Уже в эту минуту он знал, что не получит конкретного ответа. Никаких фактов, дат, взаимосвязанных событий. Ничего в ответ на вопросы, которые мы по скудости мысли привыкли задавать, желая удовлетворить законное любопытство. Он облокотился об изящный письменный стол с закругленным краем.
Магда. Ошеломляюще бледная и мягкая в шелковой комбинации. Ошеломляюще теплая в отблесках пламени за ее спиной.
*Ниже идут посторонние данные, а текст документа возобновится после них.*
inductive_set elementary_smooth :: "(real \<Rightarrow> real) set" where
  const: "(\<lambda>t. c) \<in> elementary_smooth"
| exp_inv_pow: "exp_inv_pow k \<in> elementary_smooth"
| add: "f \<in> elementary_smooth \<Longrightarrow> g \<in> elementary_smooth \<Longrightarrow> (\<lambda>t. f t + g t) \<in> elementary_smooth"
| mult: "f \<in> elementary_smooth \<Longrightarrow> g \<in> elementary_smooth \<Longrightarrow> (\<lambda>t. f t * g t) \<in> elementary_smooth"
| sin: "f \<in> elementary_smooth \<Longrightarrow> (\<lambda>t. sin (f t)) \<in> elementary_smooth"
| cos: "f \<in> elementary_smooth \<Longrightarrow> (\<lambda>t. cos (f t)) \<in> elementary_smooth"
| affine: "f \<in> elementary_smooth \<Longrightarrow> (\<lambda>t. f (a * t + c)) \<in> elementary_smooth"

lemma has_real_derivative_affine_compose:
  assumes "(f has_real_derivative f') (at (a * t + c))"
  shows "((\<lambda>t. f (a * t + c)) has_real_derivative a * f') (at t)"
proof -
  have "((\<lambda>t. a * t + c) has_real_derivative a) (at t)"
    by (auto intro!: derivative_eq_intros)
  from DERIV_chain2[OF assms this] show ?thesis
    by (simp add: mult.commute)
qed

lemma elementary_smooth_has_derivative:
  "f \<in> elementary_smooth \<Longrightarrow> \<exists>f'\<in>elementary_smooth. \<forall>t. (f has_real_derivative f' t) (at t)"
proof (induction rule: elementary_smooth.induct)
  case (const c)
  show ?case
    by (intro bexI[of _ "\<lambda>t. 0"]) (auto intro: elementary_smooth.const)
next
  case (exp_inv_pow k)
  have "(\<lambda>t. exp_inv_pow (k + 2) t + (- real k) * exp_inv_pow (k + 1) t) \<in> elementary_smooth"
    by (intro elementary_smooth.intros)
  then show ?case
    using exp_inv_pow_has_derivative[of k] by (auto intro!: bexI)
next
  case (add f g)
  then show ?case
    by (fastforce intro: elementary_smooth.add derivative_eq_intros)
next
  case (mult f g)
  then obtain f' g' where "f' \<in> elementary_smooth" "g' \<in> elementary_smooth"
    "\<forall>t. (f has_real_derivative f' t) (at t)" "\<forall>t. (g has_real_derivative g' t) (at t)"
    by blast
  with mult.hyps show ?case
    by (intro bexI[of _ "\<lambda>t. f' t * g t + f t * g' t"])
      (auto intro!: derivative_eq_intros elementary_smooth.intros)
next
  case (sin f)
  then obtain f' where "f' \<in> elementary_smooth" "\<forall>t. (f has_real_derivative f' t) (at t)"
    by blast
  with sin.hyps show ?case
    by (intro bexI[of _ "\<lambda>t. cos (f t) * f' t"]) (auto intro!: derivative_eq_intros elementary_smooth.intros)
next
  case (cos f)
  then obtain f' where f': "f' \<in> elementary_smooth" "\<forall>t. (f has_real_derivative f' t) (at t)"
    by blast
  have "(\<lambda>t. (- 1) * sin (f t) * f' t) \<in> elementary_smooth"
    by (intro elementary_smooth.intros cos.hyps f'(1))
  with f'(2) show ?case
    by (intro bexI[of _ "\<lambda>t. (- 1) * sin (f t) * f' t"]) (auto intro!: derivative_eq_intros)
next
  case (affine f a c)
  then obtain f' where f': "f' \<in> elementary_smooth" "\<forall>t. (f has_real_derivative f' t) (at t)"
    by blast
  have "(\<lambda>t. a * f' (a * t + c)) \<in> elementary_smooth"
    by (intro elementary_smooth.intros f'(1))
  with f'(2) show ?case
    by (intro bexI[of _ "\<lambda>t. a * f' (a * t + c)"]) (auto intro: has_real_derivative_affine_compose)
qed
Чугунные дверцы переносной печурки были открыты. Едва войдя, он обратил внимание на необычный запах в комнате. Так пахнет осенью на садовых участках. Что ты делала? Жгла старые бумаги. Старые бухгалтерские книги, старые полисы, ежедневники. Надо подкладывать листья клена, тогда все это старье не так воняет. Погоди минутку. Не раздеваясь, она высыпала на потухшие угли содержимое корзины для бумаг, пошел сильный чад, он стлался до тех пор, пока наконец не вырвались языки пламени.
Он задал свой вопрос лишь потому, что дал себе честное слово сделать это, когда они шли вместе к ее дому. Она откроет ему свою тайну. Его побудила к расспросам дружба с ее мужем. Сейчас она наконец все расскажет, лед тронется, и так и пойдет. Роберт, который поехал по делам в Алжир, вернувшись, узнает все из ее собственных уст.
Они прошли по коридору до конца. Дверь в ее кабинет была открыта. Запах гари, свет, больная собака, которая укладывается под письменным столом, — акценты смещаются. Никогда не узнаешь, на какие уловки придется идти, чтобы добиться своего. Только в одном он убежден, и никто никогда не сумеет переубедить его: он соблазнил Магду в ту минуту, когда верность чувству долга заставила его задать свой вопрос.
Наступило молчание.
— Посмотри на меня, — наконец сказала она и начала расстегивать шубу.
Он облокотился на письменный стол и стал покорно смотреть, как она расстегивает молнии на сапогах, спускает юбку, стягивает через голову свитер и встряхивает потом светлыми волосами, как снимает гольфы, изящно закинув ногу на ногу. Дурак спрашивает чаще, чем мудрец отвечает. Как это понимать? А так: как бы ни разбирало тебя любопытство, будь терпелив, историю можно фальсифицировать лишь после того, как она закончится. Где только у тебя ум? Нет его у тебя. Магда уже приготовила сдержанный ответ на твой бесцеремонный вопрос. Она сделала шаг вперед, протянула руку и с самоуверенностью возлюбленной привлекла Эрика к себе. Он почувствовал терпкий запах у нее под мышкой.
Он заметил ее из своей машины, когда сидел и ждал зеленого сигнала светофора. Было около четырех. Зимнее солнце бросало свой обманчивый свет на перекресток — через час стемнеет. Он ехал на собрание в больницу.
Ему показалось, она вышла, с собакой вместе, из кафе Хиллехомса. Расширение проезжей части дороги нанесло домику заметный урон. Деревья, что росли посреди улицы, пришлось вырубить, исчезли заросли бирючины вдоль велосипедной дорожки. Ветер, гуляя на просторе по ровной, как стрела, улице, стал рвать и терзать побеги вьюна на его задней стене.
Что здесь делает Магда? В этом кафе обычно собираются старички.
Его тронула ее бледность. Сощурив глаза от низкого солнца, она свернула за угол. Казалось, она никого и ничто в мире не замечала. Возможно, из-за того, что при ходьбе держала корпус слегка откинутым назад, возможно, из-за собаки на поводке, но она напоминала ему слепую.